Второе орудие батареи, которым командовал старшина Грищук, было разбито прямым попаданием бомбы, там все погибли, в том числе и командир. А третье орудие хотя и стреляло, но кто там остался, не было видно из-за бугра. И Курбатов чувствовал: он один отвечает за то, чтобы эта высота по-прежнему оставалась грозной и неприступной.

Он поднял свою каску, надел ее и застегнул под подбородком ремешок. Потом взял обломок доски, обтер ее рукавом, вытащил из кармана карандаш и, послюнявив, написал на дереве большими неровными буквами: «Умру, но с рубежа не уйду». Доску воткнул в землю.

Опять суматошно забили зенитки, небо сразу же покрылось белыми пушистыми шариками разрывов. В пике шли десятки «юнкерсов». Оглушающе-пронзительно закричали бомбы — «ревуны». Взрыв, другой, третий… Туча черной пыли окутала позиции дивизии.

А издали уже доносился многоголосый крик:

— Хох! Хох!..

Крик приближался, нарастал. Вот он уже совсем близко. Вверх по склону холма вслед за танками — справа, слева — бежали серые фигуры, строча из автоматов.

Двадцать первая атака!.. Дивизия обескровлена, по врагу стреляли только отдельные орудия да пулеметы — от края оврага и от центра его, из-за густых кустов.

Вражеская пехота устремилась к новому рубежу. Он свободен, надо спешить!

«Тигры» тяжело переползали через окопы, в которых все было как будто мертво. Цепь эсэсовцев уже совсем близка. Видны их злобные лица, их глаза, руки, сжимающие автоматы…

И вдруг надвигавшиеся на высоту танки остановились, пехота противника залегла, неожиданно оборвав свой бег, а вражеские минометы, спрятанные в посевах, перенесли свой огонь куда-то дальше, вглубь…

Курбатов не столько понял, сколько почувствовал: за его спиной есть что-то такое, что устрашило врага. Еще не видя, откуда идет помощь, он уже ясно ощущал ее и, почти задыхаясь от горячего чувства, в котором были и радость, и облегчение, и злость, крикнул Кутенкову хрипло, прерывисто:

— Живем, Кутенков! Врешь! Наша возьмет!..

Командир орудия сержант Курбатов и не догадывался, что в это время в дело вступил корпус Кравченко.

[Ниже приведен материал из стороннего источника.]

(* Let $\mathcal{L}:\mathbb{R}^d\to\mathbb{R}$ be differentiable with $\nabla\mathcal{L}$ Lipschitz continuous with constant $L$. Run full-batch MoFO with $\beta_1<\sqrt{\beta_2}<1$, $\epsilon=0$ and learning rates $\eta_t=\eta/\sqrt{t}$ ($\eta>0$). Then for all iterations $t\ge s\ge1$ and every coordinate $i$, $$|g_{i,t}-g_{i,s}|\le\|g_t-g_s\|_2\le\frac{2\sqrt2\,LC\eta\,(t-s)}{\sqrt t},$$ where $C=\dfrac{\sqrt{d\cdot(\alpha\%)+B}}{\sqrt{1-\beta_2}\,(1-\beta_1/\sqrt{\beta_2})}$.
   Context: The coordinates of $\mathbb{R}^d$ are partitioned into $B$ blocks of sizes $d_1,\dots,d_B$ with $\sum_kd_k=d$. Fix $\alpha\%\in(0,1]$. For $z\in\mathbb{R}^d$, $\texttt{FLT}_\alpha(z)\in\{0,1\}^d$ equals, in each block $k$, $1$ exactly on a set of $\lceil d_k\cdot\alpha\%\rceil$ indices with the largest absolute values of $z$ within that block (ties broken in favour of smaller indices), and $0$ elsewhere. Full-batch MoFO with $\beta_1,\beta_2\in(0,1)$, learning rates $\eta_t>0$, initial point $\theta_0$: $m_0=v_0=0$; for $t\ge1$, $g_t=\nabla\mathcal{L}(\theta_{t-1})$, $m_t=\beta_1m_{t-1}+(1-\beta_1)g_t$, $v_t=\beta_2v_{t-1}+(1-\beta_2)g_t\odot g_t$, $\hat m_t=m_t/(1-\beta_1^t)$, $\hat v_t=v_t/(1-\beta_2^t)$, $\theta_t=\theta_{t-1}-\eta_t(\hat m_t\odot\texttt{FLT}_\alpha(m_t))/\sqrt{\hat v_t}$ entrywise ($\epsilon=0$: no additive constant in the denominator; a quotient with $\hat v_{i,t}=0$ is taken as $0$). $g_{i,t}$ denotes the $i$-th coordinate of $g_t$. *)

theory Defs
  imports "HOL-Analysis.Analysis"
begin

text \<open>Coordinates are indexed by a finite linearly ordered type ('n::{finite,linorder}), so vectors
  in R^d are real^('n::{finite,linorder}) with d = CARD(('n::{finite,linorder})).\<close>

definition block_of :: "(('n::{finite,linorder}) \<Rightarrow> nat) \<Rightarrow> nat \<Rightarrow> ('n::{finite,linorder}) set" where
  "block_of blk k = {j. blk j = k}"

definition beats :: "real^('n::{finite,linorder}) \<Rightarrow> ('n::{finite,linorder}) \<Rightarrow> ('n::{finite,linorder}) \<Rightarrow> bool" where
  "beats z j i \<longleftrightarrow> \<bar>z$j\<bar> > \<bar>z$i\<bar> \<or> (\<bar>z$j\<bar> = \<bar>z$i\<bar> \<and> j < i)"

text \<open>FLT: within each block k, coordinate i is selected iff fewer than
  ceil(d_k * alpha) coordinates of its block beat it, i.e. i is among the
  ceil(d_k * alpha) top entries (largest absolute value, ties to smaller index).\<close>
definition FLT :: "(('n::{finite,linorder}) \<Rightarrow> nat) \<Rightarrow> real \<Rightarrow> real^('n::{finite,linorder}) \<Rightarrow> real^('n::{finite,linorder})" where
  "FLT blk alpha z = (\<chi> i.
     if card {j \<in> block_of blk (blk i). beats z j i}
          < nat \<lceil>real (card (block_of blk (blk i))) * alpha\<rceil>
     then 1 else 0)"
lemma flow_source:
  assumes "v \<in> V" "(flow ^^ k) v = a"
  shows "(v \<in> escaping \<and> level v \<le> level a) \<or>
         (\<exists>u\<in>V - escaping. level u \<le> Suc (level a) \<and> on_geodesic u v)"
  using assms
proof (induction k arbitrary: v)
  case 0
  then show ?case using d_refl by (cases "v \<in> escaping") (auto intro!: bexI[of _ v])
next
  case (Suc k)
  have fv: "flow v \<in> V" using flow_in_V Suc.prems by auto
  have "(flow ^^ k) (flow v) = a" using Suc.prems by (simp add: funpow_swap1)
  from Suc.IH[OF fv this] show ?case
  proof
    assume A: "flow v \<in> escaping \<and> level (flow v) \<le> level a"
    show ?thesis
    proof (cases "v \<in> escaping")
      case True then show ?thesis using flow_escaping[OF True] A by auto
    next
      case False then show ?thesis using flow_non_escaping[OF Suc.prems(1) False] A Suc.prems d_refl
        by (intro disjI2 bexI[of _ v]) auto
    qed
  next
    assume "\<exists>u\<in>V - escaping. level u \<le> Suc (level a) \<and> on_geodesic u (flow v)"
    then obtain u where u: "u \<in> V" "u \<notin> escaping" "level u \<le> Suc (level a)" "on_geodesic u (flow v)"
      by blast
    have v: "v \<notin> escaping" using u escaping_down flow_escaping(4) by blast
    have "d u v \<le> d u (flow v) + d (flow v) v" using d_triangle[OF u(1) fv Suc.prems(1)] .
    moreover have "level v \<le> level u + d u v" using d_triangle[OF base_in_V u(1) Suc.prems(1)] .
    moreover have "d (flow v) v = 1" using flow_dist[OF Suc.prems(1)] d_sym[OF Suc.prems(1) fv] by simp
    ultimately show ?thesis using u flow_non_escaping[OF Suc.prems(1) v]
      by (intro disjI2 bexI[of _ u]) auto
  qed
qed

Молчавшие в глубине обороны батареи внезапно ожили. Рев орудий слился в сплошной гул. Забили станковые пулеметы, отсекая вражескую пехоту от танков, заухали минометы, застучали противотанковые пушки. И навстречу вражеским машинам из-за рощи стремительным потоком выползли тридцатьчетверки, в небе появились десятки «лагов» и «илов». Снизившись до бреющего полета, «лаги» расстреливали фашистов, оказавшихся под перекрестным огнем. Теперь уже врагам было не до атаки укреплений. Основная их масса, отстреливаясь, начала в беспорядке отходить.

Когда атаку отбили, Курбатов присел, вытащил из горлышка фляги черную резиновую пробку и долго, тянул теплую воду — все не мог напиться. Потом он вытер рукавом с лица пот и осмотрелся. Невдалеке, на снарядном ящике, сидел Кутенков и, кряхтя, перевязывал раненую ногу. Труп Мороза по грудь засыпало землей. Каска сдвинулась с лица убитого, и теперь он, казалось, глядел полузакрытым глазом, словно щурился от яркого солнца. В пятидесяти шагах от Мороза, на скате холма, стоял развороченный, с вздыбленной пушкой, еще дымящийся фашистский танк. Это был шестой или даже седьмой танк, подбитый Курбатовым в бою.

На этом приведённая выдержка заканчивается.